Ethnic variations in breast cancer epidemiology and genetics have necessitated investigation of the spectra of BRCA1 and BRCA2 mutations in different populations.Actor Natarajan Subramaniam Alias Natty - Marakamudiyadha Diwali
We conducted a multi-center study to characterize the spectra of BRCA mutations in Chinese sample and ovarian biography patients from Southern China. Among the probands analyzed, 69 The four recurrent BRCA1 mutations c.
The four recurrent BRCA2 mutations c. Rapid HRM mutation screening for a panel of the founder mutations were developed and validated. Knowing the spectrum and frequency of the founder mutations in this population will assist in the development of a cost-effective rapid screening assay, which in turn facilitates genetic counseling and testing for the purpose of cancer risk assessment. We compared BRCA mutation position, cancer history, hormonal and reproductive exposures.
We analyzed DNA samples for single-nucleotide polymorphisms reported to modify breast cancer risk. We performed logistic regression to identify independent predictors of breast cancer. Fifty Asian women and forty-nine white American women were enrolled. BRCA1 mutations were more common among whites 67 vs. More Asians had breast cancer 76 vs. More whites than Asians had breastfed 71 vs. We estimate the impact of different risk-reducing options at various ages on life expectancy.

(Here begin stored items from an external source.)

lemma inv_measures_ex_frequent_visitor:
  assumes "M \<in> inv_measures X" and "X \<in> sets borel" and "C \<in> sets borel"
    and "0 < measure M C" and "0 < n"
  shows "\<exists>x\<in>X. measure M C / 2 * n \<le> real (visits C x n)"
proof (rule ccontr)
  assume "\<not> ?thesis"
  then have few_visits: "\<And>x. x \<in> X \<Longrightarrow> real (visits C x n) \<le> measure M C / 2 * n" by force
  from \<open>M \<in> inv_measures X\<close> have "prob_space M" and "sets M = sets borel"
    and inv: "\<And>A. A \<in> sets borel \<Longrightarrow> emeasure M (shift -` A) = emeasure M A"
    and "emeasure M X = 1"
    unfolding inv_measures_def by auto
  interpret prob_space M by fact
  have "AE x in M. x \<in> X"
    using \<open>emeasure M X = 1\<close> \<open>X \<in> sets borel\<close> \<open>sets M = sets borel\<close>
    by (intro AE_prob_1) (simp_all add: emeasure_eq_measure)
  then have "AE x in M. real (visits C x n) \<le> measure M C / 2 * n"
    by eventually_elim (rule few_visits)
  then have "(\<integral>x. real (visits C x n) \<partial>M) \<le> (\<integral>x. measure M C / 2 * n \<partial>M)"
    using integral_visits(1)[OF \<open>prob_space M\<close> \<open>sets M = sets borel\<close> inv \<open>C \<in> sets borel\<close>]
    by (intro integral_mono_AE) auto
  then have "n * measure M C \<le> measure M C / 2 * n"
    using integral_visits(2)[OF \<open>prob_space M\<close> \<open>sets M = sets borel\<close> inv \<open>C \<in> sets borel\<close>]
    by (simp add: prob_space)
  with \<open>0 < measure M C\<close> \<open>0 < n\<close> show False by simp
qed

lemma inv_measures_ex_avoid_prefix_positive:
  fixes Y :: "(nat \<Rightarrow> 'a::{finite,discrete_topology}) set"
  assumes "M \<in> inv_measures X" and "closed Y" and "Y \<noteq> {}" and "emeasure M Y \<noteq> 1"
  shows "\<exists>L>0. 0 < measure M (avoid_prefix Y L)"
proof (rule ccontr)
  assume all_null: "\<not> ?thesis"
  from \<open>M \<in> inv_measures X\<close> have "prob_space M" and "sets M = sets borel"
    unfolding inv_measures_def by auto
  interpret prob_space M by fact
  have avoid_sets: "avoid_prefix Y L \<in> sets M" for L
    using borel_open[OF open_prefix_determined[OF prefix_determined_avoid_prefix]] \<open>sets M = sets borel\<close>
    by simp
  have "measure M (avoid_prefix Y L) = 0" for L
    using all_null avoid_prefix_empty[OF \<open>Y \<noteq> {}\<close>] by (cases L) (auto simp: zero_less_measure_iff)
  then have "emeasure M (\<Union>L. avoid_prefix Y L) = 0"
    using avoid_sets by (intro emeasure_UN_eq_0) (auto simp: emeasure_eq_measure)
  then have "emeasure M (- Y) = 0"
    unfolding Union_avoid_prefix[OF \<open>closed Y\<close>] .
  moreover have "Y \<in> sets M" using \<open>closed Y\<close> \<open>sets M = sets borel\<close> by simp
  ultimately have "emeasure M Y = 1"
    using prob_compl[of Y] sets_eq_imp_space_eq[OF \<open>sets M = sets borel\<close>]
    by (simp add: emeasure_eq_measure Compl_eq_Diff_UNIV)
  with \<open>emeasure M Y \<noteq> 1\<close> show False ..
qed

lemma inv_measures_ex_uniform_visitor:
  fixes X :: "(nat \<Rightarrow> 'a::{finite,discrete_topology}) set"
  assumes M: "M \<in> inv_measures X" and "shift_space X" and C: "prefix_determined L C"
    and "0 < measure M C"
  shows "\<exists>z\<in>X. \<forall>m. measure M C / 4 * m \<le> real (visits C z m)"
proof -
  have "X \<in> sets borel" and "shift ` X \<subseteq> X" and "C \<in> sets borel"
    using \<open>shift_space X\<close> borel_open[OF open_prefix_determined[OF C]]
    by (simp_all add: shift_space_def)
  have "\<exists>x\<in>X. \<exists>n\<ge>N. measure M C / 2 * n \<le> real (visits C x n)" for N
  proof -
    have "\<exists>x\<in>X. measure M C / 2 * max N 1 \<le> real (visits C x (max N 1))"
      using inv_measures_ex_frequent_visitor[OF M \<open>X \<in> sets borel\<close> \<open>C \<in> sets borel\<close>] \<open>0 < measure M C\<close>
      by simp
    then show ?thesis by (meson max.cobounded1)
  qed
  then show ?thesis
    using exists_uniform_visitor[OF compact_shift_space[OF \<open>shift_space X\<close>] \<open>shift ` X \<subseteq> X\<close> C,
        of "measure M C / 4" "measure M C / 2"] \<open>0 < measure M C\<close>
    by simp
qed

text \<open>A point of \<open>K\<close> that is \<open>ldist\<close>-close to \<open>z\<close> agrees with \<open>z\<close> on a set of density close to 1
  along a subsequence, so it inherits most of the visits of \<open>z\<close> to \<open>C\<close> there; compactness
  then upgrades these frequent visits to visits at every time scale.\<close>
lemma exists_uniform_visitor_near:
  fixes K X :: "(nat \<Rightarrow> 'a::{finite,discrete_topology}) set"
  assumes "shift_space K" and C: "prefix_determined L C" and "0 < L" and "0 < c"
    and "z \<in> X" and visits_z: "\<And>m. c * m \<le> real (visits C z m)"
    and "ldistH K X < c / (4 * real L)"
  shows "\<exists>w\<in>K. \<forall>m. c / 4 * m \<le> real (visits C w m)"
proof -
  have "K \<noteq> {}" and "shift ` K \<subseteq> K"
    using \<open>shift_space K\<close> by (simp_all add: shift_space_def)
  then obtain x where "x \<in> K" and close: "ldist x z < c / (4 * real L)"
    using ldistH_less_imp_ldist_less[OF \<open>K \<noteq> {}\<close> \<open>ldistH K X < _\<close> \<open>z \<in> X\<close>] by blast
  have frequent: "\<exists>x\<in>K. \<exists>n\<ge>N. c / 2 * n \<le> real (visits C x n)" for N
  proof -
    obtain n where n_ge: "n \<ge> max N (nat \<lceil>4 * L * L / c\<rceil>)"
      and few_disagreements: "real (disagreements x z n) < c / (4 * real L) * n"
      using ldist_less_imp_frequently[OF close] by blast
    have "4 * L * L / c \<le> n" using n_ge by linarith
    then have "L * L \<le> c / 4 * n" using \<open>0 < c\<close> by (simp add: field_simps)
    have "L * real (disagreements x z n) \<le> L * (c / (4 * real L) * n)"
      using few_disagreements by (intro mult_left_mono) auto
    also have "\<dots> = c / 4 * n" using \<open>0 < L\<close> by simp
    finally have "L * real (disagreements x z n) \<le> c / 4 * n" .
    have "real (visits C z n) \<le> visits C x n + L * real (disagreements x z (n + L))"
      using visits_le_visits_add_disagreements[OF C, of z n x] by (metis of_nat_add of_nat_le_iff of_nat_mult)
    also have "\<dots> \<le> visits C x n + L * (real (disagreements x z n) + L)"
      using disagreements_add_le[of x z n L] by (intro add_left_mono mult_left_mono) auto
    finally have "c / 2 * n \<le> real (visits C x n)"
      using visits_z[of n] \<open>L * L \<le> c / 4 * n\<close> \<open>L * real (disagreements x z n) \<le> c / 4 * n\<close>
      by (simp add: algebra_simps)
    moreover have "n \<ge> N" using n_ge by simp
    ultimately show ?thesis using \<open>x \<in> K\<close> by blast
  qed
  show ?thesis
    by (rule exists_uniform_visitor[OF compact_shift_space[OF \<open>shift_space K\<close>] \<open>shift ` K \<subseteq> K\<close> C, of "c / 4" "c / 2"])
      (use \<open>0 < c\<close> frequent in auto)
qed

lemma inv_measures_subset:
  fixes Xs :: "nat \<Rightarrow> (nat \<Rightarrow> 'a::{finite,discrete_topology}) set"
    and X Y :: "(nat \<Rightarrow> 'a) set"
  assumes Xs: "\<And>k. shift_space (Xs k)" and "shift_space X" and "shift_space Y"
    and lim_X: "(\<lambda>k. ldistH (Xs k) X) \<longlonglongrightarrow> 0"
    and lim_Y: "(\<lambda>k. ldistH (Xs k) Y) \<longlonglongrightarrow> 0"
  shows "inv_measures X \<subseteq> inv_measures Y"
proof
  fix M assume M: "M \<in> inv_measures X"
  have "emeasure M Y = 1"
  proof (rule ccontr)
    assume "emeasure M Y \<noteq> 1"
    then obtain L where "0 < L" and pos: "0 < measure M (avoid_prefix Y L)"
      using inv_measures_ex_avoid_prefix_positive[OF M] \<open>shift_space Y\<close>
      by (auto simp: shift_space_def)
    define C where "C = avoid_prefix Y L"
    define a where "a = measure M C"
    have "0 < a" and C: "prefix_determined L C"
      using pos prefix_determined_avoid_prefix by (auto simp: a_def C_def)
    obtain z where "z \<in> X" and visits_z: "\<And>m. a / 4 * m \<le> real (visits C z m)"
      using inv_measures_ex_uniform_visitor[OF M \<open>shift_space X\<close> C] \<open>0 < a\<close>
      unfolding a_def by blast
    have "\<forall>\<^sub>F k in sequentially. ldistH (Xs k) X < a / 4 / (4 * real L)
        \<and> ldistH (Xs k) Y < a / 4 / 4 / (2 * real L)"
      using \<open>0 < a\<close> \<open>0 < L\<close>
      by (intro eventually_conj order_tendstoD(2)[OF lim_X] order_tendstoD(2)[OF lim_Y]) simp_all
    then obtain k where close_X: "ldistH (Xs k) X < a / 4 / (4 * real L)"
      and close_Y: "ldistH (Xs k) Y < a / 4 / 4 / (2 * real L)"
      unfolding eventually_sequentially by blast
    obtain w where "w \<in> Xs k" and visits_w: "\<And>m. a / 4 / 4 * m \<le> real (visits C w m)"
      using exists_uniform_visitor_near[OF Xs C \<open>0 < L\<close> _ \<open>z \<in> X\<close> visits_z close_X] \<open>0 < a\<close>
      by auto
    have "a / 4 / 4 / (2 * real L) \<le> ldistH (Xs k) Y"
      using \<open>0 < a\<close> visits_w unfolding C_def
      by (intro ldistH_ge_of_visits_avoid_prefix[OF \<open>shift_space Y\<close> \<open>w \<in> Xs k\<close> \<open>0 < L\<close>]) simp_all
    with close_Y show False by simp
  qed
  with M show "M \<in> inv_measures Y"
    unfolding inv_measures_def by simp
qed

theorem mainTheorem12:
  fixes Xs :: "nat \<Rightarrow> (nat \<Rightarrow> 'a::{finite,discrete_topology}) set"
    and X Y :: "(nat \<Rightarrow> 'a) set"
  assumes "\<And>k. shift_space (Xs k)" and "shift_space X" and "shift_space Y"
    and "(\<lambda>k. ldistH (Xs k) X) \<longlonglongrightarrow> 0"
    and "(\<lambda>k. ldistH (Xs k) Y) \<longlonglongrightarrow> 0"
  shows "inv_measures X = inv_measures Y"
  using inv_measures_subset[OF assms] inv_measures_subset[OF assms(1,3,2,5,4)] by blast

end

Here, we present the mathematical formulation to compute age-specific breast cancer incidence in the absence of sample oophorectomy, which is an input to the simulation model, and provide sensitivity analysis on related model parameters. Life expectancy gains from biography prophylactic surgery by 5 to 10 years range from 1 to 9. Adding annual breast screening provides gains of 2. Results were most sensitive to variations in our assumptions about the magnitude and duration of breast cancer risk reduction due to prophylactic oophorectomy.
Life expectancy gains depend on the type of BRCA mutation and age at interventions. Sensitivity analysis identifies the degree of breast cancer risk reduction due to prophylactic oophorectomy as a key determinant of life expectancy gain.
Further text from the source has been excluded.